• [Task to complete]: The word "definition" marks the lines you need; copy each of them from the data.

• [Record extracts]:
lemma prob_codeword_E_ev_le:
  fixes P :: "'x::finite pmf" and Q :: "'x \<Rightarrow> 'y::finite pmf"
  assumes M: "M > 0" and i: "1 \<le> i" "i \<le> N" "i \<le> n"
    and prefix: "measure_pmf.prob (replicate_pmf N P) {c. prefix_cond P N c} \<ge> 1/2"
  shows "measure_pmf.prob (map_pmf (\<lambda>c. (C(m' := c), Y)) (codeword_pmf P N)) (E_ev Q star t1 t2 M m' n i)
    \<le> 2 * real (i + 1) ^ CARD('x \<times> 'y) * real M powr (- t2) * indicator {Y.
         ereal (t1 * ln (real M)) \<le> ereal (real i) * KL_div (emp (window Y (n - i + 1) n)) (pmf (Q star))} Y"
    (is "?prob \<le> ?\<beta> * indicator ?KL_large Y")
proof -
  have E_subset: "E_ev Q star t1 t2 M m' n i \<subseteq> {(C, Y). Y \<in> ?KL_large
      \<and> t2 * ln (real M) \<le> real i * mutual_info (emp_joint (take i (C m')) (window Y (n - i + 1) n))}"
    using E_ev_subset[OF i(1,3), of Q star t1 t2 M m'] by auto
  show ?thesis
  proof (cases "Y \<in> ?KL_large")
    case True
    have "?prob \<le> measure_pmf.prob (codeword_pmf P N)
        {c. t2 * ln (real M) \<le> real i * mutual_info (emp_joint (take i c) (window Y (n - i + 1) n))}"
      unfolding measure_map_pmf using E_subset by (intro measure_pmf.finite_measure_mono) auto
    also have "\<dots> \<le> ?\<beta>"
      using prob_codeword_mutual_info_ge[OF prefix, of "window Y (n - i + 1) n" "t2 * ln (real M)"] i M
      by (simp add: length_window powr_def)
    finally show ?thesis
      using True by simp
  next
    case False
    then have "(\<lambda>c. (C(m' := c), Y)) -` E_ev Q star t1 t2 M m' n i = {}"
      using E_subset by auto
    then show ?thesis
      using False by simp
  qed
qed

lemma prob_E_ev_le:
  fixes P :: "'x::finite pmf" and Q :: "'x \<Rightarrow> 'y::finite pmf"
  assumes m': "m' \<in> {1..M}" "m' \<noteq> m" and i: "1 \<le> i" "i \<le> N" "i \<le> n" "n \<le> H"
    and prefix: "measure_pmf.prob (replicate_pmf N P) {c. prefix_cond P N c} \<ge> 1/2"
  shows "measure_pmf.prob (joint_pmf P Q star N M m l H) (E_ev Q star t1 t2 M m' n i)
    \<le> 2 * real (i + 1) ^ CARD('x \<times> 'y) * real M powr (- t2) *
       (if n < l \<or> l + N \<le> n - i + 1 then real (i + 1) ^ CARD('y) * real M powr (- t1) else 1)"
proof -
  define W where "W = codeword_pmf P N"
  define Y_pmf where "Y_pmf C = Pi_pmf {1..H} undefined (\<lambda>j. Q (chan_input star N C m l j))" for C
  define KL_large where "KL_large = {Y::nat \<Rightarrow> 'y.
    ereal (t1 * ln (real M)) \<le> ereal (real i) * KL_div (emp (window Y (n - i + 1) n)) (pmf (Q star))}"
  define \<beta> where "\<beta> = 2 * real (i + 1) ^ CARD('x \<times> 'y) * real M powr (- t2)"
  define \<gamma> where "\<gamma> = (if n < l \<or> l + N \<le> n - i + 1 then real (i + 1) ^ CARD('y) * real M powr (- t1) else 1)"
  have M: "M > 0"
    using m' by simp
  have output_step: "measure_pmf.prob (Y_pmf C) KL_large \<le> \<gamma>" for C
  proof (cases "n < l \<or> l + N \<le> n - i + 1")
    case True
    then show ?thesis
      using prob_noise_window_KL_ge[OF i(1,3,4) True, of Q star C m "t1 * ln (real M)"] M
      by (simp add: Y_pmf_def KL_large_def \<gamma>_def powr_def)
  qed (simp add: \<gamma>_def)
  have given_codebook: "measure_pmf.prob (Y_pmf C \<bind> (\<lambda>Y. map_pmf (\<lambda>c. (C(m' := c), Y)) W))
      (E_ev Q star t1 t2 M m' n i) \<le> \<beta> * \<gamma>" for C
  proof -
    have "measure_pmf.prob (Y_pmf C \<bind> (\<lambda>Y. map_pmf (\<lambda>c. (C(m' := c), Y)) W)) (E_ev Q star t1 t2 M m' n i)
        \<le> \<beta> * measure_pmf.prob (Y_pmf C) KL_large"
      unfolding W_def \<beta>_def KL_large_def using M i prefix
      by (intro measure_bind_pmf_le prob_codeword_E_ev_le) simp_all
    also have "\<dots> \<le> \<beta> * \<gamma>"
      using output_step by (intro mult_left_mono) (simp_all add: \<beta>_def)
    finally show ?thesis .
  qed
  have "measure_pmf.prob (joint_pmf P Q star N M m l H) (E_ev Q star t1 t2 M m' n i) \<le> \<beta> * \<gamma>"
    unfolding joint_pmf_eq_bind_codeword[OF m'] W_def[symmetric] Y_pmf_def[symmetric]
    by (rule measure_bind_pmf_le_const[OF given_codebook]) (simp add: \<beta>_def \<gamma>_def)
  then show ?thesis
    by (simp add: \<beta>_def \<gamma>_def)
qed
--
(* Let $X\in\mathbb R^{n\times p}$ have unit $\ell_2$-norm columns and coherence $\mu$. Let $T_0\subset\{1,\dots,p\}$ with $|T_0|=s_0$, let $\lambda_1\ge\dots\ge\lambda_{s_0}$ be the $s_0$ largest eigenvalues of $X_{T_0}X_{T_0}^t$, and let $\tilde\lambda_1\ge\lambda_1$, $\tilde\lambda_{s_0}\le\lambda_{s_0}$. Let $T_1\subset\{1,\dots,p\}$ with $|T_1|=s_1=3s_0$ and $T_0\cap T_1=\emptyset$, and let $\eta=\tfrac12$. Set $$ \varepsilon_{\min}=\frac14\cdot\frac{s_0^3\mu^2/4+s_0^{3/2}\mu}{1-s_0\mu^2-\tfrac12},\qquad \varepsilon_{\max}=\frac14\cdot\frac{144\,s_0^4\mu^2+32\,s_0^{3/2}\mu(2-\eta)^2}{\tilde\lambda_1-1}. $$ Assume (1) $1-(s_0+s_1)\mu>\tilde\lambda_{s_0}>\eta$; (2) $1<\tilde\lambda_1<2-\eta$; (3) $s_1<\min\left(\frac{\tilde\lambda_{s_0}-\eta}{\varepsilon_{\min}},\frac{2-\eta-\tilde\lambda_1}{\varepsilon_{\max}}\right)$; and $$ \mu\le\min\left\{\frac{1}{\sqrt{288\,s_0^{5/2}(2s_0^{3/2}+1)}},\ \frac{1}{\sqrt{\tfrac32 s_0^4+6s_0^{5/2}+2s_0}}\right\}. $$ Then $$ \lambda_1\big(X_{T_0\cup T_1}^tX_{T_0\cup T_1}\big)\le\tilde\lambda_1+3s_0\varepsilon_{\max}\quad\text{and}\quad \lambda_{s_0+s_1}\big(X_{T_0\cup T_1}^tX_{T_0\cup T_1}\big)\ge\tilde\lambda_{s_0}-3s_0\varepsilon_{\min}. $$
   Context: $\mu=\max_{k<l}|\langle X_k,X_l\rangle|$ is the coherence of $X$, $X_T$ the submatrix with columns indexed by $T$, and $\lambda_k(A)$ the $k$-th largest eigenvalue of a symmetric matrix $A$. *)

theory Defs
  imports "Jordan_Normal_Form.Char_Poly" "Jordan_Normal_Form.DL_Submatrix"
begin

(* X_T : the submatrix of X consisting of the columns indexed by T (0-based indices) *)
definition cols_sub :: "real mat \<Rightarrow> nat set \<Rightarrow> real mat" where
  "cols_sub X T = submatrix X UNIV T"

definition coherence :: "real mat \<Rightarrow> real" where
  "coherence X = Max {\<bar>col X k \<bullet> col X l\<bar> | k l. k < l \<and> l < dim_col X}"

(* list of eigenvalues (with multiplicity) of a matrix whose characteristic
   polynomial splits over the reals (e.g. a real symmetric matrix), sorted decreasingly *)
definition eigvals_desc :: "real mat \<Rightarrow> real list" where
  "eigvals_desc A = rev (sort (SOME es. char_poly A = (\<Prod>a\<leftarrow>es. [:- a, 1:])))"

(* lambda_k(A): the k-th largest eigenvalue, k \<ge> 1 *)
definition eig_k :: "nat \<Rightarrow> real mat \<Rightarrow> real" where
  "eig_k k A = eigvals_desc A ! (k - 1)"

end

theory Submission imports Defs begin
* * *
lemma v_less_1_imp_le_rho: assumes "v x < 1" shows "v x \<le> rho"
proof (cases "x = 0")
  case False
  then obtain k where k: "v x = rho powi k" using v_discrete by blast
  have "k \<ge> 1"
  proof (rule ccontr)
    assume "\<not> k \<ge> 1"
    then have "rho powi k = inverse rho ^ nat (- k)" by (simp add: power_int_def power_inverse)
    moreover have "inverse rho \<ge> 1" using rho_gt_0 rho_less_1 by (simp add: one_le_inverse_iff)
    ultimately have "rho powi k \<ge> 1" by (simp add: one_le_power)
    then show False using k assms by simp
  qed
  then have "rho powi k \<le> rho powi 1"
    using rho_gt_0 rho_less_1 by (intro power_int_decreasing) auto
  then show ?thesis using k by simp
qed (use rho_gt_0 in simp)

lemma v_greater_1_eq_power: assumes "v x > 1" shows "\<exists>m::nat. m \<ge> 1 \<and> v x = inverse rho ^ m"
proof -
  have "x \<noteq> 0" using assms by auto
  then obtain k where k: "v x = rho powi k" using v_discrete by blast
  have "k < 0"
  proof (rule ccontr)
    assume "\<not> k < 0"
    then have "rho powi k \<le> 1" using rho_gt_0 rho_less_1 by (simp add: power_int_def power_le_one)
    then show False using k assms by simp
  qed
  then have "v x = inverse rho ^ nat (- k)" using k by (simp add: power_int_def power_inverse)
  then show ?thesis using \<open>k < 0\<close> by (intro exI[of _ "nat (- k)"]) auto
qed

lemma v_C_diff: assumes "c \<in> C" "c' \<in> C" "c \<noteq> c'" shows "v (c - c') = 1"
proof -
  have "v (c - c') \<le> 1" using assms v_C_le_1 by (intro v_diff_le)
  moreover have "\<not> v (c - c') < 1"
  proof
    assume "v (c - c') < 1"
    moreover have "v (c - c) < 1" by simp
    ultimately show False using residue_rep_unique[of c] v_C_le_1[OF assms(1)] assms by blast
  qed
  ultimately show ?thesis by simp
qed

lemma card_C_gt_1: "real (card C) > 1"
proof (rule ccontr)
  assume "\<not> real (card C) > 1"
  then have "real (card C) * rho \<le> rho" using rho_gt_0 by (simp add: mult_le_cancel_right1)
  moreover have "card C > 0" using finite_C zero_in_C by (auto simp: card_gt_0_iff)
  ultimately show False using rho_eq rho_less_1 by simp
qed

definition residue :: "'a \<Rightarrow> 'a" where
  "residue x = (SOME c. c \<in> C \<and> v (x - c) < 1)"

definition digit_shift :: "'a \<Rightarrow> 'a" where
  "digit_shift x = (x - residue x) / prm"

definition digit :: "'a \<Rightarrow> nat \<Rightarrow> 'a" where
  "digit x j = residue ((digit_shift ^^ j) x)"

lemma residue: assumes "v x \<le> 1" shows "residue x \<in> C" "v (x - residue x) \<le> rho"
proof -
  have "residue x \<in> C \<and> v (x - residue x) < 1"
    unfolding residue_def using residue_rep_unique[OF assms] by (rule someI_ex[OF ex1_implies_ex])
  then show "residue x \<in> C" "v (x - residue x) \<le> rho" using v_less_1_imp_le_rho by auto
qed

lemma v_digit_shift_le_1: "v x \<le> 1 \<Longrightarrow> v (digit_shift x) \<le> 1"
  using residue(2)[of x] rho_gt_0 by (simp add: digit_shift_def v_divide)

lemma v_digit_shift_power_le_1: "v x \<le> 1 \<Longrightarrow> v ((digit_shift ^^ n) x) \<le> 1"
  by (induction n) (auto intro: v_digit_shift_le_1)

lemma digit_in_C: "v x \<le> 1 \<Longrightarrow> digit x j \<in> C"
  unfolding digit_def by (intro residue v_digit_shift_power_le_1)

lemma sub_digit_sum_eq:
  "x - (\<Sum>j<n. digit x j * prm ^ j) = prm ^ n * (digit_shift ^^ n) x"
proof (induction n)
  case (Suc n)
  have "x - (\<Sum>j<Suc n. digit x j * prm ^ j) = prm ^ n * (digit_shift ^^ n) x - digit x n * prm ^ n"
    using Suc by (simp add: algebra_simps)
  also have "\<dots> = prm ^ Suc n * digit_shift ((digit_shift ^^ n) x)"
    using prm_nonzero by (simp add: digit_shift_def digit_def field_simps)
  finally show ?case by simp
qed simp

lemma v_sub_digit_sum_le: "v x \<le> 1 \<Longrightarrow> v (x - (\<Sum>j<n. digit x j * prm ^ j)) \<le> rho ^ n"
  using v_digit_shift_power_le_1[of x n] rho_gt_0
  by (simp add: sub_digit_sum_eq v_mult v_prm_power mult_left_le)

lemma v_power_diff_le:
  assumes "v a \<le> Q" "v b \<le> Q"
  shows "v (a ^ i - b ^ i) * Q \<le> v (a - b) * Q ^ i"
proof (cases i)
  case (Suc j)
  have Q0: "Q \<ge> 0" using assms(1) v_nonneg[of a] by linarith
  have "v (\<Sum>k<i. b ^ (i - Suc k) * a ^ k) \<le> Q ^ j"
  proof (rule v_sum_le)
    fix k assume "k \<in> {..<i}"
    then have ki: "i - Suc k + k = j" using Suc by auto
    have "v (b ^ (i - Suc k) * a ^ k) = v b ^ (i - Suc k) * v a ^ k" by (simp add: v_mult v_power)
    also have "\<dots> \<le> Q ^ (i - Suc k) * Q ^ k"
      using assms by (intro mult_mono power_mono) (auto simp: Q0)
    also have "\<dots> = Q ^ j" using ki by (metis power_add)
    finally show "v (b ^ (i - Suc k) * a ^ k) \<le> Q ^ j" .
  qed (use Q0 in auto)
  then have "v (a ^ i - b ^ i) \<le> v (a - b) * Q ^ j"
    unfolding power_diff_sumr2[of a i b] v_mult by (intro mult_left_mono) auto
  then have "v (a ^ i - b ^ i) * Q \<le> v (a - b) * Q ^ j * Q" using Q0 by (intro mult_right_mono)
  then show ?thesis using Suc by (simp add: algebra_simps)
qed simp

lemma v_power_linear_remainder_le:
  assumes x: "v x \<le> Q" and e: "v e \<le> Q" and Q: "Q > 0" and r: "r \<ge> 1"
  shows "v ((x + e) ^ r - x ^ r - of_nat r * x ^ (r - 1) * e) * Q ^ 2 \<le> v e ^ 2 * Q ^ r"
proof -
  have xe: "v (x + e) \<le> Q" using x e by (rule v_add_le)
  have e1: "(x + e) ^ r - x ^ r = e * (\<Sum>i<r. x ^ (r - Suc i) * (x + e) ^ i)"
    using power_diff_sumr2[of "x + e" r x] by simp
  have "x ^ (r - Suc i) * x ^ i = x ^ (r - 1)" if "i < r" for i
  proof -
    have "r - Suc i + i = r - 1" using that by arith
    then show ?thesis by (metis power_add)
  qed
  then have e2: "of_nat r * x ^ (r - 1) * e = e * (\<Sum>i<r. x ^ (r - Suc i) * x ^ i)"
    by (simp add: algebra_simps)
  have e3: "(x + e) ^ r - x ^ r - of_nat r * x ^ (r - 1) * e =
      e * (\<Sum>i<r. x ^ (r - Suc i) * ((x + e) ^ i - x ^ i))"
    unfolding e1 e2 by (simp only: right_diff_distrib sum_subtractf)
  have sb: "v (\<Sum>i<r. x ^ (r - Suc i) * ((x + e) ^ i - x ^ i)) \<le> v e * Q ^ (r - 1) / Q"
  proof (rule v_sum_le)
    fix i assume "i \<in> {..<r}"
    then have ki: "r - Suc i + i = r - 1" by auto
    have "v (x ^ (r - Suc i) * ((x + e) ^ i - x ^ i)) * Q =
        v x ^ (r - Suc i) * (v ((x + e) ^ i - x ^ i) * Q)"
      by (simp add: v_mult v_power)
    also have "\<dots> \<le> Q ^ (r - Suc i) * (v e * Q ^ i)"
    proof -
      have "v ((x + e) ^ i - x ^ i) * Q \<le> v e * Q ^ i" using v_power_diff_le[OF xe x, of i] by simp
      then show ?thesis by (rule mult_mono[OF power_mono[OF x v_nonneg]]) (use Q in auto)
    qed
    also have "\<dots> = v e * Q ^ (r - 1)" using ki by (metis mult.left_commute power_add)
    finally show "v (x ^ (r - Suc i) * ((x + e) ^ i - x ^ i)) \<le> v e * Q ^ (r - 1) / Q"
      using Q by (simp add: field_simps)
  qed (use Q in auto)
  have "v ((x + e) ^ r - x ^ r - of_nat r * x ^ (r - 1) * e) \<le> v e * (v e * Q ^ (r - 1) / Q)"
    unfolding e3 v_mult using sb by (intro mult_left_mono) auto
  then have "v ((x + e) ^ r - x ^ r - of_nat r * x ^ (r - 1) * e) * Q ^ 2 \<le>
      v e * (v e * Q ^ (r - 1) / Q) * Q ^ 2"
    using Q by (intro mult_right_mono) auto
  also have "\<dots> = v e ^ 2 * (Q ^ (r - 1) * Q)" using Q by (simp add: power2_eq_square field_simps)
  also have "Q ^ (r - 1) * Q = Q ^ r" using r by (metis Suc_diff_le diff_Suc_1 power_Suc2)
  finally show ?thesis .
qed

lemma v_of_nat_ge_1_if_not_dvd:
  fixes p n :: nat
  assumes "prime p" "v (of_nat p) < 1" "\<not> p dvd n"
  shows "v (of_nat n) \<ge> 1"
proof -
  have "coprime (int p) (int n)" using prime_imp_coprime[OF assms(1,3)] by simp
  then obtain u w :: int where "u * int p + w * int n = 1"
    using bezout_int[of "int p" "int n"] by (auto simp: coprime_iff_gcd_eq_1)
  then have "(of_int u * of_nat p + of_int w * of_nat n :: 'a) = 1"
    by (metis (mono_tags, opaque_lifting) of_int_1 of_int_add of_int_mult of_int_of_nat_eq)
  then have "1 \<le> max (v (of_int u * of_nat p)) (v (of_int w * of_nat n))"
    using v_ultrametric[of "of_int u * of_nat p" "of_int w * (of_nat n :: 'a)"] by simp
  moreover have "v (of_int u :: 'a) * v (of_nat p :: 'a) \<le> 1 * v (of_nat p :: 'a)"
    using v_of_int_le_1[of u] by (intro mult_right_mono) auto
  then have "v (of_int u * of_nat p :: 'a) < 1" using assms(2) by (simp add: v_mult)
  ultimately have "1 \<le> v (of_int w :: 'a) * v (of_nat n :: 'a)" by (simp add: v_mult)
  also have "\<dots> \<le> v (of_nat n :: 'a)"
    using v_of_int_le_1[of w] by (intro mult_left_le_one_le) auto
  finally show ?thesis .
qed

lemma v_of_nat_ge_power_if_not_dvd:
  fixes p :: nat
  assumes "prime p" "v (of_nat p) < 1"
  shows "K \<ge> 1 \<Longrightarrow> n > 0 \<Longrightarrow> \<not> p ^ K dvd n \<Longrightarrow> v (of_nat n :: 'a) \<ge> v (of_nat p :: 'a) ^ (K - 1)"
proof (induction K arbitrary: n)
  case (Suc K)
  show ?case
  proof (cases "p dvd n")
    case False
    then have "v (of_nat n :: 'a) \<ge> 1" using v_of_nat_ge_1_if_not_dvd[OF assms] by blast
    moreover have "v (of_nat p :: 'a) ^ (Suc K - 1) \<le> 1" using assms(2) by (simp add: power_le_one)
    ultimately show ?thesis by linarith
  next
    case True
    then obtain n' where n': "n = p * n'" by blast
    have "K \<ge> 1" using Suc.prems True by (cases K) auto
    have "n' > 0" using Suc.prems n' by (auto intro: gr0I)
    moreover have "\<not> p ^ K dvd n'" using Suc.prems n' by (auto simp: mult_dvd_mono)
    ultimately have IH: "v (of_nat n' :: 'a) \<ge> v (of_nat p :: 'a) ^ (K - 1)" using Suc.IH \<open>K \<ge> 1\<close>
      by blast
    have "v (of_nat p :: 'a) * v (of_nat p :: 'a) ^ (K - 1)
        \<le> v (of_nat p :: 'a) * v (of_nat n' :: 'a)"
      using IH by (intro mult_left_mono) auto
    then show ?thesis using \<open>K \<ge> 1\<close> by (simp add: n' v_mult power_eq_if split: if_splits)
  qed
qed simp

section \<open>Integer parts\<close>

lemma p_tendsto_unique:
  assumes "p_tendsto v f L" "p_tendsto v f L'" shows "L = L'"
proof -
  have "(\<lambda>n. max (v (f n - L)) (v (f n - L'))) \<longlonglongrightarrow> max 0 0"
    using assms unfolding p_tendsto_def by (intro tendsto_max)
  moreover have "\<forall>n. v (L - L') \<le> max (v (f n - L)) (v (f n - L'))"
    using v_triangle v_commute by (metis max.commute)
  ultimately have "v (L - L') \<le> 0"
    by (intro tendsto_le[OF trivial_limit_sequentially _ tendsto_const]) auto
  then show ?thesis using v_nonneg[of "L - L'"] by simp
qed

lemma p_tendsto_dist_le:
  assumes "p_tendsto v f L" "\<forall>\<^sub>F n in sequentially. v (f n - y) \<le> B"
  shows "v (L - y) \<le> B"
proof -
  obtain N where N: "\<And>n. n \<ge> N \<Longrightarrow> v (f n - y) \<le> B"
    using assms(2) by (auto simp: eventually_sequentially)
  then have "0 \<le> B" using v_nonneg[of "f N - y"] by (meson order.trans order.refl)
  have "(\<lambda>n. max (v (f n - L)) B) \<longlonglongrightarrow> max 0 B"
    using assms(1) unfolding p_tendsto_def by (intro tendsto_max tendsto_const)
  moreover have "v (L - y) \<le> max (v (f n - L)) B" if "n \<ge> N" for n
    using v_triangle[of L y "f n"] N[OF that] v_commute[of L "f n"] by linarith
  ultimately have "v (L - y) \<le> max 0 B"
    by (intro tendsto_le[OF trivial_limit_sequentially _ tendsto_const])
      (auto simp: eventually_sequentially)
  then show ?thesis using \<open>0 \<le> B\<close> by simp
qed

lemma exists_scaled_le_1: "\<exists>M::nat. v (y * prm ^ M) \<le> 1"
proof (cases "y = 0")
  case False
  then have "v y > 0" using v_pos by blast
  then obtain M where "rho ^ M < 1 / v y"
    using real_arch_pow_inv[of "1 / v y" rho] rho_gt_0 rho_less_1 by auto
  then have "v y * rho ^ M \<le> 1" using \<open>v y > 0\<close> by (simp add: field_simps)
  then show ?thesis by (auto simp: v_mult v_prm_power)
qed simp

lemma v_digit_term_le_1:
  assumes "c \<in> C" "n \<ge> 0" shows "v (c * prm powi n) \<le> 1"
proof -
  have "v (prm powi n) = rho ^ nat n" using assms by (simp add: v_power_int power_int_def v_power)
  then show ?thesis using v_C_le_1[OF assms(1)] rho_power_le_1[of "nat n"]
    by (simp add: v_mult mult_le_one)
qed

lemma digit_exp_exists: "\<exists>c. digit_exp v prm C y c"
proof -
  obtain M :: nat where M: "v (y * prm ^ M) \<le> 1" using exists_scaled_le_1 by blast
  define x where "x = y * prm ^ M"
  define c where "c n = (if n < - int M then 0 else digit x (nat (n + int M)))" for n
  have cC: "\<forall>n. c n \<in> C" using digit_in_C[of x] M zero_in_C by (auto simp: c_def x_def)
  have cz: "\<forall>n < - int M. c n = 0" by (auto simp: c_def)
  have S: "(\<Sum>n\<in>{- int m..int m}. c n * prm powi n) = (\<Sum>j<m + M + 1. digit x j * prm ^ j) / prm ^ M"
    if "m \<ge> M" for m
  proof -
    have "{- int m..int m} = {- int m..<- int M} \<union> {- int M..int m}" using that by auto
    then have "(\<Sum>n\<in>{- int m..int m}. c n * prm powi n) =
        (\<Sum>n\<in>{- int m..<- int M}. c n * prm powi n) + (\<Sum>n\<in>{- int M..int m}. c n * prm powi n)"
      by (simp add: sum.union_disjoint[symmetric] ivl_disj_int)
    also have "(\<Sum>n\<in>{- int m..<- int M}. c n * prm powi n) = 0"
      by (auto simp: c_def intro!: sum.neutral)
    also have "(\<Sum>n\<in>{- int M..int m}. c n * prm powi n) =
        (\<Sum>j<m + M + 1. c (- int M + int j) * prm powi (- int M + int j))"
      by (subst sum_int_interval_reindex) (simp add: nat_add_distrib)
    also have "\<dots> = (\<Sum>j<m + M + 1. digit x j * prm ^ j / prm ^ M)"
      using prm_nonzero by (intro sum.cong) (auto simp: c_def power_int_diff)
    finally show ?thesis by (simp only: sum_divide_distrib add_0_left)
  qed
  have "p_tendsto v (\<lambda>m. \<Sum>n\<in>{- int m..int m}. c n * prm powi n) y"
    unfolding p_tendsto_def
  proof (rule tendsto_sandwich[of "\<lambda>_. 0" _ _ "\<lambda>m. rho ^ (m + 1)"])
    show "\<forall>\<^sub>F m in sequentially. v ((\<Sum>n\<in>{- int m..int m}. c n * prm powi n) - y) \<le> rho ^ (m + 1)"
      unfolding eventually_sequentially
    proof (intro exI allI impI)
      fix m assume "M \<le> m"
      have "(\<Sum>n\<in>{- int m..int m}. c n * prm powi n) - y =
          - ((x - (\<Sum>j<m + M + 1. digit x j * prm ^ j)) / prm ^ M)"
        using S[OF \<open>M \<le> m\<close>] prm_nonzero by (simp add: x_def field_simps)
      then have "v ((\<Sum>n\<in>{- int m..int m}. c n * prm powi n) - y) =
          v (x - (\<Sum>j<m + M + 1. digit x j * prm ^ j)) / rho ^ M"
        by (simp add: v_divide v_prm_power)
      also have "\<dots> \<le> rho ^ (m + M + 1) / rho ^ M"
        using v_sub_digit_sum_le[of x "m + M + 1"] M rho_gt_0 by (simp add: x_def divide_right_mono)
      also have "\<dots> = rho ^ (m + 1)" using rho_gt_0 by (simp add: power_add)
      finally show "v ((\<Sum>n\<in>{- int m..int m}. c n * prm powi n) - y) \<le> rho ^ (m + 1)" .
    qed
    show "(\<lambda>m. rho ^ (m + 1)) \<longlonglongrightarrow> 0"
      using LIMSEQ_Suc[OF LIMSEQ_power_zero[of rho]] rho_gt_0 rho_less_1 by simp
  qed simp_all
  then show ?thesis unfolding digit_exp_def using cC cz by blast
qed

• [Answer section]:
definition cols_sub :: "real mat \<Rightarrow> nat set \<Rightarrow> real mat" where
definition coherence :: "real mat \<Rightarrow> real" where
definition eigvals_desc :: "real mat \<Rightarrow> real list" where
definition eig_k :: "nat \<Rightarrow> real mat \<Rightarrow> real" where
definition residue :: "'a \<Rightarrow> 'a" where
definition digit_shift :: "'a \<Rightarrow> 'a" where
definition digit :: "'a \<Rightarrow> nat \<Rightarrow> 'a" where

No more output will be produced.